The plots above give us an idea of how many SV we can truncate and still be able to classify the wine. The question one may ask is how good some classification algorithms like a Support-Vector-Machine (SVM) work with the reduced data. <br>
For this purpose we will use the sklearn.svm package (documentation see [here](https://scikit-learn.org/stable/modules/classes.html#module-sklearn.svm))(At this point you don't need to know in detail, how a SVM works). <br>
To run a classification we first need to split our data set in two groups. One group is for the algorithm to learn how the data should be classified and the other group is to validate the classification after learning. To split the data we will use the function train_test_split from the sklearn.model_selection. This function gets two inputs: The raw data X and the classes y of the data. We an set the size of the groups by an additional parameter (between 0 and 1). If we don't set this parameter, the training set will be 75% of the data and the test set 25%. <br>
We will truncate $k=1,...,12$ SV and will have a look at how good the classification works. We will provide you the code for the classification, you just have to figure out how to perform the truncations. 

In [None]:
from sklearn.model_selection import train_test_split
from sklearn.svm import SVC
from sklearn.preprocessing import MinMaxScaler


X = pd.DataFrame(wine.data)
y = wine.target
#Split the data into test and training data
X_train, X_test, y_train, y_test = train_test_split(X, y, random_state=0)

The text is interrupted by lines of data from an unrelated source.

text \<open>Otherwise \<open>f x - \<delta> x\<close> would be nondecreasing on \<open>[a, \<infinity>)\<close>, forcing \<open>f\<close> to be unbounded.\<close>
lemma bounded_imp_deriv_less:
  fixes f f' :: "real \<Rightarrow> real"
  assumes bdd: "bounded (f ` {a..})"
    and deriv: "\<And>x. a \<le> x \<Longrightarrow> (f has_real_derivative f' x) (at x)"
    and "0 < \<delta>"
  shows "\<exists>x\<ge>a. f' x < \<delta>"
proof (rule ccontr)
  assume "\<not> (\<exists>x\<ge>a. f' x < \<delta>)"
  then have big: "\<And>x. a \<le> x \<Longrightarrow> \<delta> \<le> f' x" by force
  obtain B where B: "\<And>x. a \<le> x \<Longrightarrow> \<bar>f x\<bar> \<le> B"
    using bdd unfolding bounded_iff by auto
  define x where "x = a + (B - f a + 1) / \<delta>"
  have "f a \<le> B" using B[of a] by simp
  then have "a \<le> x" unfolding x_def using \<open>0 < \<delta>\<close> by simp
  then have "f a - \<delta> * a \<le> f x - \<delta> * x"
  proof (rule DERIV_nonneg_imp_nondecreasing)
    fix y assume "a \<le> y" "y \<le> x"
    then show "\<exists>l. ((\<lambda>x. f x - \<delta> * x) has_real_derivative l) (at y) \<and> 0 \<le> l"
      using deriv big by (auto intro!: derivative_eq_intros exI[of _ "f' y - \<delta>"])
  qed
  moreover have "\<delta> * x - \<delta> * a = B - f a + 1"
    unfolding x_def using \<open>0 < \<delta>\<close> by (simp add: field_simps)
  ultimately show False using B[OF \<open>a \<le> x\<close>] by linarith
qed
lemma summable_dyadic_gamma_scale:
  assumes "1 < p"
  shows "summable (\<lambda>j. real ((2::nat) ^ Suc j) * gamma_scale p (2 ^ Suc j))"
proof -
  have "ln (real ((2::nat) ^ Suc j)) = real (Suc j) * ln 2" for j
    by (simp only: of_nat_power of_nat_numeral ln_realpow)
  then have "real ((2::nat) ^ Suc j) * gamma_scale p (2 ^ Suc j) = ln 2 powr - p * real (Suc j) powr - p" for j
    by (simp add: gamma_scale_def powr_minus_divide powr_mult)
  moreover have "summable (\<lambda>j. real (Suc j) powr - p)"
    using assms by (subst summable_Suc_iff) (simp add: summable_real_powr_iff)
  ultimately show ?thesis by (simp add: summable_mult)
qed

lemma summable_card_mult_dyadic_gamma_scales:
  fixes B :: "nat \<Rightarrow> 'a set"
  assumes "1 < p" "1 < q" "0 \<le> A" and card: "\<And>j. real (card (B j)) \<le> C * real ((2::nat) ^ Suc j)"
  shows "summable (\<lambda>j. real (card (B j)) * (gamma_scale p (2 ^ Suc j) + A * gamma_scale q (2 ^ Suc j)))"
proof (rule summable_comparison_test')
  show "summable (\<lambda>j. C * (real ((2::nat) ^ Suc j) * gamma_scale p (2 ^ Suc j))
      + C * A * (real ((2::nat) ^ Suc j) * gamma_scale q (2 ^ Suc j)))"
    using assms(1,2) by (intro summable_add summable_mult summable_dyadic_gamma_scale)
  fix j
  have "0 \<le> gamma_scale p (2 ^ Suc j) + A * gamma_scale q (2 ^ Suc j)"
    using gamma_scale_pos[of "2 ^ Suc j"] \<open>0 \<le> A\<close> by (simp add: less_imp_le)
  then have "norm (real (card (B j)) * (gamma_scale p (2 ^ Suc j) + A * gamma_scale q (2 ^ Suc j)))
      \<le> C * real ((2::nat) ^ Suc j) * (gamma_scale p (2 ^ Suc j) + A * gamma_scale q (2 ^ Suc j))"
    using card by (simp add: mult_right_mono)
  then show "norm (real (card (B j)) * (gamma_scale p (2 ^ Suc j) + A * gamma_scale q (2 ^ Suc j)))
      \<le> C * (real ((2::nat) ^ Suc j) * gamma_scale p (2 ^ Suc j))
        + C * A * (real ((2::nat) ^ Suc j) * gamma_scale q (2 ^ Suc j))"
    by (simp add: algebra_simps)
qed
lemma unitary_conj_mult:
  assumes "unitary V"
  shows "(V ** diagm f ** adj V) ** (V ** diagm g ** adj V) = V ** diagm (\<lambda>i. f i * g i) ** adj V"
proof -
  have "(V ** diagm f ** adj V) ** (V ** diagm g ** adj V) = V ** diagm f ** (adj V ** V) ** diagm g ** adj V"
    by (simp add: matrix_mul_assoc)
  also have "\<dots> = V ** diagm (\<lambda>i. f i * g i) ** adj V"
    using assms by (simp add: unitary_def diagm_mult flip: matrix_mul_assoc)
  finally show ?thesis .
qed

lemma trace_unitary_conj:
  assumes "unitary V"
  shows "trace (V ** diagm f ** adj V) = (\<Sum>i\<in>UNIV. f i)"
  using assms trace_mult_cycle[of V "diagm f" "adj V"]
  by (simp add: unitary_def trace_diagm flip: matrix_mul_assoc)

lemma diagm_vector_mult_nth: "(diagm f *v w) $ i = f i * w $ i"
proof -
  have "(diagm f *v w) $ i = (\<Sum>k\<in>UNIV. if k = i then f i * w $ k else 0)"
    unfolding matrix_vector_mult_nth by (rule sum.cong) auto
  then show ?thesis
    by simp
qed

lemma cinner_diagm:
  "cinner w (diagm (\<lambda>i. of_real (f i)) *v w) = of_real (\<Sum>i\<in>UNIV. f i * (cmod (w $ i))\<^sup>2)"
proof -
  have "cinner w (diagm (\<lambda>i. of_real (f i)) *v w) = (\<Sum>i\<in>UNIV. of_real (f i * (cmod (w $ i))\<^sup>2))"
    unfolding cinner_def diagm_vector_mult_nth
    by (rule sum.cong) (auto simp: complex_norm_square mult.commute mult.left_commute
        simp del: of_real_power)
  then show ?thesis
    by simp
qed

lemma cinner_unitary_conj:
  "cinner v ((V ** diagm (\<lambda>i. of_real (f i)) ** adj V) *v v)
     = of_real (\<Sum>i\<in>UNIV. f i * (cmod ((adj V *v v) $ i))\<^sup>2)"
proof -
  have "cinner v ((V ** diagm (\<lambda>i. of_real (f i)) ** adj V) *v v)
      = cinner v (V *v (diagm (\<lambda>i. of_real (f i)) *v (adj V *v v)))"
    by (simp add: matrix_vector_mul_assoc matrix_mul_assoc)
  also have "\<dots> = cinner (adj V *v v) (diagm (\<lambda>i. of_real (f i)) *v (adj V *v v))"
    by (rule cinner_adj)
  finally show ?thesis
    by (simp only: cinner_diagm)
qed

lemma psd_unitary_conj:
  assumes "\<And>i. 0 \<le> f i"
  shows "psd (V ** diagm (\<lambda>i. of_real (f i)) ** adj V)"
  using assms
  by (simp add: psd_iff_cinner hermitian_def adj_mult adj_diagm matrix_mul_assoc
      cinner_unitary_conj sum_nonneg)

lemma psd_unitary_conj_nonneg:
  fixes V :: "'d::finite cmat"
  assumes "unitary V" "A = V ** diagm (\<lambda>i. of_real (\<mu> i)) ** adj V" "psd A"
  shows "0 \<le> \<mu> i"
proof -
  define e :: "complex^'d" where "e = (\<chi> k. if k = i then 1 else 0)"
  have "adj V *v (V *v e) = e"
    using assms(1) by (simp add: unitary_def matrix_vector_mul_assoc)
  then have "cinner (V *v e) (A *v (V *v e)) = of_real (\<Sum>k\<in>UNIV. \<mu> k * (cmod (e $ k))\<^sup>2)"
    by (simp add: assms(2) cinner_unitary_conj)
  also have "(\<Sum>k\<in>UNIV. \<mu> k * (cmod (e $ k))\<^sup>2) = (\<Sum>k\<in>UNIV. if k = i then \<mu> k else 0)"
    by (rule sum.cong) (auto simp: e_def)
  finally have "cinner (V *v e) (A *v (V *v e)) = of_real (\<mu> i)"
    by simp
  moreover have "0 \<le> Re (cinner (V *v e) (A *v (V *v e)))"
    using assms(3) by (simp add: psd_iff_cinner)
  ultimately show ?thesis
    by simp
qed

#Scale the data (For better results when classifying)
scaler = MinMaxScaler()
X_train = scaler.fit_transform(X_train)
X_test = scaler.transform(X_test)

#Assemble to arrays that contain accuracies:

#Accuracy within the classification of the training data
accTrainSet = []
#Accuracy when operating on the test data
accTestSet = []

for i in range(len(feature_names)):
    #Todo: Truncate i SV, calculate U_k*S_k and store the result in the matrix X 
    k = 13-i
    U_trunc, S_trunc, Vt_trunc = truncate(U, S, Vt, k)
    X = pd.DataFrame(U_trunc @ np.diag(S_trunc))
    
    X_train, X_test, y_train, y_test = train_test_split(X, y, random_state=0)
    scaler = MinMaxScaler()
    X_train = scaler.fit_transform(X_train)
    X_test = scaler.transform(X_test)
    svm = SVC()
    svm.fit(X_train, y_train)
    accTrainSet.append(svm.score(X_train,y_train))
    accTestSet.append(svm.score(X_test,y_test))

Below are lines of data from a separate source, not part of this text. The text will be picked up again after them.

lemma prime_with_noncritical_prime_subgraph:
  assumes T: "prime_graph T E" "v \<in> T" "prime_graph (T - {v}) E"
  shows "S \<subseteq> V \<Longrightarrow> prime_graph S E \<Longrightarrow> T \<subseteq> S \<Longrightarrow> \<exists>x\<in>S. prime_graph (S - {x}) E"
proof (induction "card S" arbitrary: S rule: less_induct)
  case less
  show ?case
  proof (cases "T = S")
    case True
    then show ?thesis
      using T(2,3) by blast
  next
    case False
    then obtain T' where T': "T \<subseteq> T'" "T' \<subseteq> S" "prime_graph T' E" "card (S - T') \<in> {1, 2}"
      using prime_extension_close_to[OF less.prems(1,2,3) T(1)] by blast
    have "finite S"
      using less.prems(1) finite_V by (rule finite_subset)
    show ?thesis
    proof (cases "card (S - T') = 1")
      case True
      then obtain x where "S - T' = {x}"
        by (rule card_1_singletonE)
      then have "T' = S - {x}" "x \<in> S"
        using T'(2) by auto
      then show ?thesis
        using T'(3) by blast
    next
      case False
      then have "card (S - T') = 2"
        using T'(4) by auto
      then obtain x y where xy: "S - T' = {x, y}" "x \<noteq> y"
        by (meson card_2_iff)
      then have "T' \<subset> S"
        using T'(2) by blast
      with \<open>finite S\<close> have "card T' < card S"
        by (rule psubset_card_mono)
      moreover have "T' \<subseteq> V"
        using T'(2) less.prems(1) by blast
      ultimately obtain z where z: "z \<in> T'" "prime_graph (T' - {z}) E"
        using less.hyps[of T'] T'(1,3) by blast
      have S_minus: "S - (T' - {z}) = {x, y, z}"
        using xy z(1) T'(2) by auto
      moreover have "z \<noteq> x" "z \<noteq> y"
        using xy z(1) by auto
      ultimately have "card (S - (T' - {z})) \<ge> 2"
        using xy(2) by simp
      moreover have "T' - {z} \<subseteq> S"
        using T'(2) by blast
      ultimately obtain a b where ab: "a \<in> {x, y, z}" "b \<in> {x, y, z}" "a \<noteq> b"
          "prime_graph (insert a (insert b (T' - {z}))) E"
        using prime_pair_extension[OF less.prems(1,2) _ z(2)] S_minus by blast
      moreover obtain c where "{x, y, z} = {a, b, c}" "c \<notin> {a, b}"
        using ab(1-3) xy(2) \<open>z \<noteq> x\<close> \<open>z \<noteq> y\<close> by auto
      ultimately have "insert a (insert b (T' - {z})) = S - {c}" "c \<in> S"
        using S_minus T'(2) z(1) by auto
      then show ?thesis
        using ab(4) by metis
    qed
  qed
qed

lemma critical_imp_P5_free:
  assumes "critical V E"
  shows "\<not> induced_le P5_V P5_E V E"
proof
  assume "induced_le P5_V P5_E V E"
  then obtain f where f: "inj_on f P5_V" "f ` P5_V \<subseteq> V"
    "\<forall>i\<in>P5_V. \<forall>j\<in>P5_V. P5_E i j \<longleftrightarrow> E (f i) (f j)"
    unfolding induced_le_def by blast
  have "0 \<in> P5_V"
    by (simp add: P5_V_def)
  have "f ` (P5_V - {0}) = f ` P5_V - {f 0}"
    using f(1) \<open>0 \<in> P5_V\<close> by (auto simp: inj_on_eq_iff)
  moreover have "prime_graph (f ` (P5_V - {0})) E"
    using f(3) by (intro prime_graph_embedding[OF inj_on_subset[OF f(1)] _ prime_P5_minus_endpoint]) auto
  moreover have "prime_graph (f ` P5_V) E"
    using f(1,3) prime_P5 by (rule prime_graph_embedding)
  moreover have "prime_graph V E"
    using assms unfolding critical_def by blast
  ultimately obtain x where "x \<in> V" "prime_graph (V - {x}) E"
    using prime_with_noncritical_prime_subgraph[of "f ` P5_V" "f 0" V] f(2) \<open>0 \<in> P5_V\<close> by auto
  then show False
    using assms unfolding critical_def by blast
qed

lemma half_graphI:
  assumes "linear_order_on X L" "bij_betw \<phi> X Y"
    and adj: "\<And>x x'. x \<in> X \<Longrightarrow> x' \<in> X \<Longrightarrow> E x (\<phi> x') \<longleftrightarrow> (x, x') \<in> L"
  shows "half_graph V E"
  unfolding half_graph_def
proof (intro exI conjI ballI)
  show "X \<union> Y = V" "X \<inter> Y = {}"
    by (fact X_Un_Y, fact X_Int_Y)
  show "linear_order_on X L" "bij_betw \<phi> X Y"
    by (fact assms(1), fact assms(2))
  have Y_eq: "Y = \<phi> ` X"
    using assms(2) unfolding bij_betw_def by blast
  fix u w assume uw: "u \<in> V" "w \<in> V"
  show "E u w \<longleftrightarrow> (\<exists>x\<in>X. \<exists>x'\<in>X. (x, x') \<in> L \<and> (u = x \<and> w = \<phi> x' \<or> w = x \<and> u = \<phi> x'))"
  proof (cases "u \<in> X")
    case True
    then have "E u w \<longleftrightarrow> w \<in> Y \<and> E u w"
      using adj_sides[OF uw] Y_iff_not_X[OF uw(2)] by blast
    also have "\<dots> \<longleftrightarrow> (\<exists>x'\<in>X. w = \<phi> x' \<and> (u, x') \<in> L)"
      using Y_eq adj True by blast
    finally show ?thesis
      using True Y_eq X_Int_Y by blast
  next
    case False
    then have "u \<in> Y"
      using Y_iff_not_X[OF uw(1)] by blast
    then have "E u w \<longleftrightarrow> w \<in> X \<and> E w u"
      using adj_sides[OF uw] adj_sym[OF uw] False by blast
    also have "\<dots> \<longleftrightarrow> (\<exists>x'\<in>X. u = \<phi> x' \<and> w \<in> X \<and> (w, x') \<in> L)"
      using Y_eq adj \<open>u \<in> Y\<close> by blast
    finally show ?thesis
      using False Y_eq by blast
  qed
qed

end

locale prime_P5_free_bipartite = bipartite_graph +
  assumes prime: "prime_graph V E" and P5_free: "\<not> induced_le P5_V P5_E V E"
begin

definition nbhd :: "'a \<Rightarrow> 'a set" where
  "nbhd x = {y \<in> V. E x y}"

lemma nbhd_subset: "nbhd x \<subseteq> V"
  unfolding nbhd_def by blast

lemma finite_nbhd: "finite (nbhd x)"
  using nbhd_subset finite_V by (rule finite_subset)

lemma nbhd_X_subset_Y: "x \<in> X \<Longrightarrow> nbhd x \<subseteq> Y"
  unfolding nbhd_def using adj_sides Y_iff_not_X X_Un_Y by blast

lemma nbhd_Y_subset_X: "y \<in> Y \<Longrightarrow> nbhd y \<subseteq> X"
  unfolding nbhd_def using adj_sides Y_iff_not_X X_Un_Y by blast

fig,axs = plt.subplots(1,2)
axs[0].plot(accTrainSet)
axs[0].set_xlabel("Number of truncated SV")
axs[0].set_ylabel("Accuracy on Training Set")

axs[1].plot(accTestSet)
axs[1].set_xlabel("Number of truncated SV")
axs[1].set_ylabel("Accuracy on Test Set")






Interpret the plots that contain the accuracies. How many SV can we truncate and still achieve a "good" result when classifying?